Questions About Weakness

  1. What is Northumberland's excuse for not participating in the battle at Shrewsbury?
  2. Why does Falstaff send his urine to a doctor in Act 1, Scene 2?
  3. Both the rebels and the king use the language of illness to describe the state of England. Why do they do this? What do they say is the cause of the country's disease?
  4. Does the play ever offer a solution for the country's "disease"? What will "cure" England?

Chew on This

Try on an opinion or two, start a debate, or play the devil’s advocate.

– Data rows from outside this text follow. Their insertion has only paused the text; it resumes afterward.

definition kQ_der :: "'k::idom poly \<Rightarrow> 'k poly \<Rightarrow> 'k poly \<Rightarrow> 'k kQ \<Rightarrow> 'k kQ" where
  "kQ_der a b h x = KQ 0 0 (b * pderiv (kQ_p x)) (a * kQ_q x + b * pderiv (kQ_q x))
     (b * pderiv (kQ_r x) + h * kQ_r x) (a * kQ_s x + b * pderiv (kQ_s x) + h * kQ_s x)"

lemma kQ_derivation_kQ_der: "kQ_derivation (kQ_der a b h)"
  unfolding kQ_derivation_def
proof (intro conjI allI)
  fix x y :: "'a kQ"
  show "kQ_der a b h (x + y) = kQ_der a b h x + kQ_der a b h y"
    by (simp add: kQ_der_def kQ_simps pderiv_add algebra_simps)
  show "kQ_der a b h (x * y) = kQ_der a b h x * y + x * kQ_der a b h y"
    by (simp add: kQ_der_def kQ_simps pderiv_add pderiv_mult pderiv_smult algebra_simps
        smult_add_right)
next
  fix c and x :: "'a kQ"
  show "kQ_der a b h (kQ_smult c x) = kQ_smult c (kQ_der a b h x)"
    by (simp add: kQ_der_def kQ_simps pderiv_smult algebra_simps smult_add_right)
qed

lemma kQ_normalized_kQ_der: "kQ_normalized (kQ_der a b h)"
  by (simp add: kQ_normalized_def kQ_der_def kQ_simps)

lemma kQ_der_arrows:
  "kQ_der a b h arr_alpha = arr_alpha * kQ_of_poly a"
  "kQ_der a b h arr_beta = kQ_of_poly b"
  "kQ_der a b h arr_gamma = kQ_of_poly h * arr_gamma"
  by (simp_all add: kQ_der_def kQ_simps pderiv_pCons)

lemma kQ_derivationD:
  assumes "kQ_derivation D"
  shows "D (x + y) = D x + D y" "D (kQ_smult c x) = kQ_smult c (D x)"
    "D (x * y) = D x * y + x * D y"
  using assms unfolding kQ_derivation_def by blast+

lemma kQ_derivation_kQ_of_poly:
  assumes D: "kQ_derivation D" and N: "kQ_normalized D" and B: "D arr_beta = kQ_of_poly b"
  shows "D (kQ_of_poly p) = kQ_of_poly (b * pderiv p)"
proof (induction p rule: pCons_induct)
  case 0
  have "D 0 = D (kQ_smult 0 0)" by (simp add: kQ_simps)
  also have "\<dots> = 0" by (simp add: kQ_derivationD(2)[OF D]) (simp add: kQ_simps)
  finally show ?case by (simp add: kQ_simps)
next
  case (pCons c p)
  have "kQ_of_poly (pCons c p) = kQ_smult c e2 + arr_beta * kQ_of_poly p"
    by (simp add: kQ_simps)
  then have "D (kQ_of_poly (pCons c p))
      = kQ_smult c (D e2) + (D arr_beta * kQ_of_poly p + arr_beta * D (kQ_of_poly p))"
    by (simp add: kQ_derivationD[OF D])
  then show ?case
    using N pCons(2) B by (simp add: kQ_normalized_def kQ_simps pderiv_pCons algebra_simps)
qed

lemma kQ_derivation_eq_kQ_der:
  assumes D: "kQ_derivation D" and N: "kQ_normalized D"
    and A: "D arr_alpha = arr_alpha * kQ_of_poly a"
    and B: "D arr_beta = kQ_of_poly b"
    and G: "D arr_gamma = kQ_of_poly h * arr_gamma"
  shows "D = kQ_der a b h"
proof
  fix x :: "'a kQ"
  obtain c1 c3 p q r s where x: "x = KQ c1 c3 p q r s" by (cases x)
  have "x = kQ_smult c1 e1 + kQ_smult c3 e3 + kQ_of_poly p + arr_alpha * kQ_of_poly q
     + kQ_of_poly r * arr_gamma + arr_alpha * kQ_of_poly s * arr_gamma"
    by (simp add: x kQ_simps)
  then have "D x = kQ_smult c1 (D e1) + kQ_smult c3 (D e3) + D (kQ_of_poly p)
     + (D arr_alpha * kQ_of_poly q + arr_alpha * D (kQ_of_poly q))
     + (D (kQ_of_poly r) * arr_gamma + kQ_of_poly r * D arr_gamma)
     + ((D arr_alpha * kQ_of_poly s + arr_alpha * D (kQ_of_poly s)) * arr_gamma
        + arr_alpha * kQ_of_poly s * D arr_gamma)"
    by (simp add: kQ_derivationD[OF D])
  also have "\<dots> = kQ_der a b h x"
    unfolding kQ_derivation_kQ_of_poly[OF D N B]
    using N A G by (simp add: x kQ_normalized_def kQ_der_def kQ_simps algebra_simps)
  finally show "D x = kQ_der a b h x" .
qed

lemma kQ_derivation_arrows_iff:
  "kQ_derivation D \<and> kQ_normalized D \<and> D arr_alpha = arr_alpha * kQ_of_poly a
     \<and> D arr_beta = kQ_of_poly b \<and> D arr_gamma = kQ_of_poly h * arr_gamma
   \<longleftrightarrow> D = kQ_der a b h"
  using kQ_derivation_eq_kQ_der kQ_derivation_kQ_der kQ_normalized_kQ_der kQ_der_arrows by blast
(* Let $n \in \mathbb{N}$, let $A = \begin{pmatrix} B & C \\ C^T & D\end{pmatrix} \in \mathcal{M}_{2n}(\mathbb{R})$ be symmetric positive definite with $B,C,D \in \mathcal{M}_n(\mathbb{R})$, and let $M := \tfrac{1}{2}(B + D - i(C - C^T))$ and $N := \tfrac{1}{2}(B - D + i(C + C^T))$. Then the matrix $\begin{pmatrix} M & N \\ \overline{N} & \overline{M}\end{pmatrix} \in \mathcal{M}_{2n}(\mathbb{C})$ is Hermitian and has the same eigenvalues (with multiplicities) as $A$. Moreover $M$ and $M - N\overline{M}^{-1}\overline{N}$ are Hermitian positive definite and, for $k = 1,\dots,n$, $$\lambda_k(A) \le \lambda_k(M) \le \lambda_{k+n}(A), \qquad \lambda_k(A) \le \lambda_k\big(M - N\overline{M}^{-1}\overline{N}\big) \le \lambda_{k+n}(A).$$ In particular, the condition numbers (ratio of largest to smallest eigenvalue) of $M$ and of $M - N\overline{M}^{-1}\overline{N}$ are at most that of $A$.
   Context: For a Hermitian matrix $H$ of size $m$, $\lambda_1(H) \le \dots \le \lambda_m(H)$ denote its eigenvalues in increasing order (with multiplicity). Bars denote entrywise complex conjugation; $(\cdot)^T$ is transpose. *)

theory Defs
  imports "Jordan_Normal_Form.Char_Poly" "Jordan_Normal_Form.Gauss_Jordan_Elimination"
begin

definition cconj_mat :: "complex mat \<Rightarrow> complex mat" where
  "cconj_mat H = map_mat cnj H"

definition hermitian_mat :: "complex mat \<Rightarrow> bool" where
  "hermitian_mat H \<longleftrightarrow> dim_row H = dim_col H \<and>
     (\<forall>i<dim_row H. \<forall>j<dim_row H. H $$ (i,j) = cnj (H $$ (j,i)))"

definition pos_def_cmat :: "complex mat \<Rightarrow> bool" where
  "pos_def_cmat H \<longleftrightarrow> hermitian_mat H \<and>
     (\<forall>v \<in> carrier_vec (dim_row H). v \<noteq> 0\<^sub>v (dim_row H) \<longrightarrow>
        Re (\<Sum>i<dim_row H. \<Sum>j<dim_row H. cnj (v $ i) * H $$ (i,j) * v $ j) > 0)"

definition pos_def_rmat :: "real mat \<Rightarrow> bool" where
  "pos_def_rmat A \<longleftrightarrow> dim_row A = dim_col A \<and> transpose_mat A = A \<and>
     (\<forall>x \<in> carrier_vec (dim_row A). x \<noteq> 0\<^sub>v (dim_row A) \<longrightarrow> x \<bullet> (A *\<^sub>v x) > 0)"

definition eig_mset :: "complex mat \<Rightarrow> complex multiset" where
  "eig_mset H = proots (char_poly H)"

(* eigenvalues of a Hermitian matrix (all real) in increasing order, with multiplicity *)
definition eig_list :: "complex mat \<Rightarrow> real list" where
  "eig_list H = sorted_list_of_multiset (image_mset Re (eig_mset H))"

(* lambda_k(H), 1-based indexing *)
definition lam :: "complex mat \<Rightarrow> nat \<Rightarrow> real" where
  "lam H k = eig_list H ! (k - 1)"

definition cond_num :: "complex mat \<Rightarrow> real" where
  "cond_num H = lam H (dim_row H) / lam H 1"

definition cmat :: "real mat \<Rightarrow> complex mat" where
  "cmat A = map_mat complex_of_real A"

end

(* Let U = (1/sqrt 2) [[I, I], [-i I, i I]], a unitary matrix. A block computation gives
   U^* A U = H = [[M, N], [conj N, conj M]], so H is Hermitian positive definite with the
   eigenvalues of A. M is the upper-left block of H and S = M - N (conj M)^-1 (conj N) its Schur
   complement, and their quadratic forms are restrictions of the one of H:
   q_M(u) = q_H(u, 0) and q_S(u) = q_H(u, -(conj M)^-1 (conj N) u) <= q_M(u).
   The Courant-Fischer min-max principle then gives lambda_k(H) <= lambda_k(T) <= lambda_(k+n)(H)
   for T = M and T = S, and k = 1, k = n bound the condition numbers. *)

theory Submission
  imports Defs "Jordan_Normal_Form.Schur_Decomposition"
begin
locale complex_lie_algebra =
  fixes sc :: "complex \<Rightarrow> 'a::ab_group_add \<Rightarrow> 'a" and br :: "'a \<Rightarrow> 'a \<Rightarrow> 'a"
  assumes lie_algebra: "lie_algebra sc br"
begin

sublocale vector_space sc
  using lie_algebra unfolding lie_algebra_def by simp

lemma bracket_add_left: "br (x + y) w = br x w + br y w"
  and bracket_add_right: "br w (x + y) = br w x + br w y"
  and bracket_scale_left: "br (sc c x) y = sc c (br x y)"
  and bracket_scale_right: "br x (sc c y) = sc c (br x y)"
  and bracket_self: "br x x = 0"
  and jacobi: "br x (br y w) + br y (br w x) + br w (br x y) = 0"
  using lie_algebra unfolding lie_algebra_def by blast+

sublocale ad: alg_closed_endomorphism sc "br z" for z
  by unfold_locales (simp_all add: bracket_add_right bracket_scale_right)

sublocale bracket_left: additive "\<lambda>x. br x y" for y
  by standard (rule bracket_add_left)

lemma bracket_antisym: "br x y = - br y x"
proof -
  have "br x y + br y x = br (x + y) (x + y)"
    unfolding bracket_add_left bracket_add_right by (simp add: bracket_self)
  then have "br x y + br y x = 0"
    by (simp only: bracket_self)
  then show ?thesis
    by (rule eq_neg_iff_add_eq_0[THEN iffD2])
qed

lemma ad_derivation: "br z (br a b) = br (br z a) b + br a (br z b)"
proof -
  have "br z (br a b) + br a (br b z) + br b (br z a) = 0"
    by (rule jacobi)
  moreover have "br a (br b z) = - br a (br z b)"
    by (metis bracket_antisym ad.f.minus)
  moreover have "br b (br z a) = - br (br z a) b"
    by (rule bracket_antisym)
  ultimately show ?thesis
    by (simp add: algebra_simps eq_neg_iff_add_eq_0)
qed

lemma ad_shift_bracket:
  "ad.poly_apply z [:-(c + d), 1:] (br a b) =
     br (ad.poly_apply z [:-c, 1:] a) b + br a (ad.poly_apply z [:-d, 1:] b)"
  unfolding ad.poly_apply_linear_factor bracket_left.diff ad.f.diff
    bracket_scale_left bracket_scale_right ad_derivation[of z a b] scale_left_distrib
  by (simp add: diff_add_eq add_diff_eq diff_diff_eq2 add.assoc add.left_commute)

lemma bracket_gen_eigenspace:
  assumes "a \<in> ad.gen_eigenspace z c" and "b \<in> ad.gen_eigenspace z d"
  shows "br a b \<in> ad.gen_eigenspace z (c + d)"
proof -
  have "ad.poly_apply z ([:-(c + d), 1:] ^ (i + j)) (br a b) = 0"
    if "ad.poly_apply z ([:-c, 1:] ^ i) a = 0" and "ad.poly_apply z ([:-d, 1:] ^ j) b = 0"
    for i j a b
    using that
  proof (induction "i + j" arbitrary: i j a b rule: less_induct)
    case less
    consider "i = 0" | "j = 0" | i' j' where "i = Suc i'" "j = Suc j'"
      by (meson not0_implies_Suc)
    then show ?case
    proof cases
      case 3
      let ?p = "[:-(c + d), 1:]"
      have "i' + j < i + j" and "i + j' < i + j" and same_sum: "i' + j = i + j'"
        using 3 by simp_all
      moreover have "ad.poly_apply z ([:-c, 1:] ^ i') (ad.poly_apply z [:-c, 1:] a) = 0"
        using less.prems(1) 3 by (simp only: ad.poly_apply_power_Suc)
      moreover have "ad.poly_apply z ([:-d, 1:] ^ j') (ad.poly_apply z [:-d, 1:] b) = 0"
        using less.prems(2) 3 by (simp only: ad.poly_apply_power_Suc)
      ultimately have left: "ad.poly_apply z (?p ^ (i' + j)) (br (ad.poly_apply z [:-c, 1:] a) b) = 0"
        and right: "ad.poly_apply z (?p ^ (i + j')) (br a (ad.poly_apply z [:-d, 1:] b)) = 0"
        using less.hyps less.prems by blast+
      have "ad.poly_apply z (?p ^ (i + j)) (br a b)
          = ad.poly_apply z (?p ^ (i' + j)) (ad.poly_apply z ?p (br a b))"
        using 3 by (simp only: add_Suc ad.poly_apply_power_Suc)
      also have "\<dots> = ad.poly_apply z (?p ^ (i' + j)) (br (ad.poly_apply z [:-c, 1:] a) b)
          + ad.poly_apply z (?p ^ (i + j')) (br a (ad.poly_apply z [:-d, 1:] b))"
        by (simp only: ad_shift_bracket ad.poly_apply_add_right same_sum)
      finally show ?thesis
        by (simp only: left right add_0)
    qed (use less.prems in \<open>simp_all add: bracket_left.zero ad.f.zero\<close>)
  qed
  then show ?thesis
    using assms unfolding ad.gen_eigenspace_def by blast
qed

lemma bracket_span_in_subspace:
  assumes "x \<in> span A" and "y \<in> span B" and "subspace U"
    and "\<And>a b. a \<in> A \<Longrightarrow> b \<in> B \<Longrightarrow> br a b \<in> U"
  shows "br x y \<in> U"
proof -
  have inner: "br a y \<in> U" if "a \<in> A" for a
    using assms(2)
  proof (induction rule: span_induct_alt)
    case (step c b y)
    then show ?case
      using assms(3,4) that by (simp add: bracket_add_right bracket_scale_right subspace_add subspace_scale)
  qed (simp add: ad.f.zero subspace_0[OF assms(3)])
  show ?thesis
    using assms(1)
  proof (induction rule: span_induct_alt)
    case (step c a x)
    then show ?case
      using assms(3) inner by (simp add: bracket_add_left bracket_scale_left subspace_add subspace_scale)
  qed (simp add: bracket_left.zero subspace_0[OF assms(3)])
qed

definition gen_eigenspace_sum :: "'a \<Rightarrow> complex set \<Rightarrow> 'a set" where
  "gen_eigenspace_sum z C = span (\<Union>c\<in>C. ad.gen_eigenspace z c)"

lemma bracket_gen_eigenspace_sum:
  assumes sums: "\<And>c d. c \<in> C \<Longrightarrow> d \<in> D \<Longrightarrow> c \<in> ad.eigenvalues z \<Longrightarrow> d \<in> ad.eigenvalues z
      \<Longrightarrow> c + d \<in> ad.eigenvalues z \<Longrightarrow> c + d \<in> E"
    and "x \<in> gen_eigenspace_sum z C" and "y \<in> gen_eigenspace_sum z D"
  shows "br x y \<in> gen_eigenspace_sum z E"
  using assms(2,3) unfolding gen_eigenspace_sum_def
proof (rule bracket_span_in_subspace)
  fix a b
  assume "a \<in> (\<Union>c\<in>C. ad.gen_eigenspace z c)" and "b \<in> (\<Union>d\<in>D. ad.gen_eigenspace z d)"
  then obtain c d where cd: "c \<in> C" "a \<in> ad.gen_eigenspace z c" "d \<in> D" "b \<in> ad.gen_eigenspace z d"
    by blast
  then have ab: "br a b \<in> ad.gen_eigenspace z (c + d)"
    by (simp add: bracket_gen_eigenspace)
  show "br a b \<in> span (\<Union>e\<in>E. ad.gen_eigenspace z e)"
  proof (cases "c \<in> ad.eigenvalues z \<and> d \<in> ad.eigenvalues z \<and> c + d \<in> ad.eigenvalues z")
    case True
    then show ?thesis
      using sums cd ab by (blast intro: span_base)
  next
    case False
    then have "br a b = 0"
      using cd ab ad.gen_eigenspace_trivial by (metis ad.f.zero bracket_left.zero)
    then show ?thesis
      by (simp add: span_zero)
  qed
qed simp

lemma lie_ideal_gen_eigenspace_sum:
  assumes "finite B" and "span B = UNIV"
    and "\<And>c d. c \<in> ad.eigenvalues z \<Longrightarrow> d \<in> C \<Longrightarrow> c + d \<in> ad.eigenvalues z \<Longrightarrow> c + d \<in> C"
  shows "lie_ideal sc br (gen_eigenspace_sum z C)"
  unfolding lie_ideal_def
proof (intro conjI allI ballI)
  show "subspace (gen_eigenspace_sum z C)"
    by (simp add: gen_eigenspace_sum_def)
  fix x y
  assume "y \<in> gen_eigenspace_sum z C"
  moreover have "x \<in> gen_eigenspace_sum z (ad.eigenvalues z)"
    using ad.span_gen_eigenspaces_UNIV[OF assms(1,2)] by (simp add: gen_eigenspace_sum_def)
  ultimately show "br x y \<in> gen_eigenspace_sum z C"
    using assms(3) by (blast intro: bracket_gen_eigenspace_sum)
qed

lemma derived_Suc_gen_eigenspace_sum:
  assumes "derived sc br I k \<subseteq> gen_eigenspace_sum z C"
    and "\<And>c d. c \<in> C \<Longrightarrow> d \<in> C \<Longrightarrow> c \<in> ad.eigenvalues z \<Longrightarrow> d \<in> ad.eigenvalues z
      \<Longrightarrow> c + d \<in> ad.eigenvalues z \<Longrightarrow> c + d \<in> E"
  shows "derived sc br I (Suc k) \<subseteq> gen_eigenspace_sum z E"
proof -
  have "{br a b | a b. a \<in> derived sc br I k \<and> b \<in> derived sc br I k} \<subseteq> gen_eigenspace_sum z E"
    using assms by (blast intro: bracket_gen_eigenspace_sum)
  then show ?thesis
    by (simp add: span_minimal gen_eigenspace_sum_def)
qed

end

theorem lemma3p4:
  fixes sc :: "complex \<Rightarrow> 'a::ab_group_add \<Rightarrow> 'a"
    and br :: "'a \<Rightarrow> 'a \<Rightarrow> 'a"
    and z :: 'a
    and \<alpha> \<beta> :: complex
  assumes "semisimple_lie_algebra sc br"
    and "ad_eigenvalues sc br z = {0, \<alpha>, \<beta>}"
    and "\<alpha> \<noteq> 0" and "\<beta> \<noteq> 0" and "\<alpha> \<noteq> \<beta>"
  shows "\<alpha> + \<beta> = 0"
proof (rule ccontr)
  assume "\<alpha> + \<beta> \<noteq> 0"
  interpret complex_lie_algebra sc br
    using assms(1) unfolding semisimple_lie_algebra_def by unfold_locales simp
  obtain B where B: "finite B" "span B = UNIV"
    using assms(1) unfolding semisimple_lie_algebra_def fin_dim_def by blast
  have ev: "ad.eigenvalues z = {0, \<alpha>, \<beta>}"
    using assms(2) unfolding ad_eigenvalues_def ad.eigenvalues_def .
  define I where "I = gen_eigenspace_sum z {\<alpha>, \<beta>}"
  have "lie_ideal sc br I"
    unfolding I_def using assms(3-5) \<open>\<alpha> + \<beta> \<noteq> 0\<close>
    by (intro lie_ideal_gen_eigenspace_sum[OF B]) (auto simp: ev add_eq_0_iff2)
  have "derived sc br I 0 \<subseteq> gen_eigenspace_sum z {\<alpha>, \<beta>}"
    by (simp add: I_def)
  then have "derived sc br I (Suc 0) \<subseteq> gen_eigenspace_sum z {2 * \<alpha>, 2 * \<beta>}"
    by (rule derived_Suc_gen_eigenspace_sum) (use assms(3,4) \<open>\<alpha> + \<beta> \<noteq> 0\<close> in \<open>auto simp: ev add.commute\<close>)
  then have "derived sc br I (Suc (Suc 0)) \<subseteq> gen_eigenspace_sum z {}"
    by (rule derived_Suc_gen_eigenspace_sum) (use assms(3-5) in \<open>auto simp: ev\<close>)
  then have "solvable_ideal sc br I"
    unfolding solvable_ideal_def
    by (intro exI[of _ "Suc (Suc 0)"]) (auto simp: gen_eigenspace_sum_def span_zero)
  then have "I = {0}"
    using assms(1) \<open>lie_ideal sc br I\<close> unfolding semisimple_lie_algebra_def by blast
  moreover obtain v where "v \<noteq> 0" "br z v = sc \<alpha> v"
    using ev unfolding ad.eigenvalues_def by blast
  then have "v \<in> I" "v \<noteq> 0"
    unfolding I_def gen_eigenspace_sum_def by (auto intro: span_base ad.eigenvector_in_gen_eigenspace)
  ultimately show False
    by blast
qed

In Henry IV Part 2 England is portrayed as a diseased body that must be "purged" of rebellion and disorder in order to be healthy.

In the play, monetary debt is associated with disease – for Falstaff especially, both problems occur when one is overindulgent (from eating, drinking, and spending too much). So, while the play celebrates the raucous and wild behavior it portrays in the infamous tavern scenes, it ultimately suggests that the health of the individual body (and the nation) depends on curbing excessive behavior.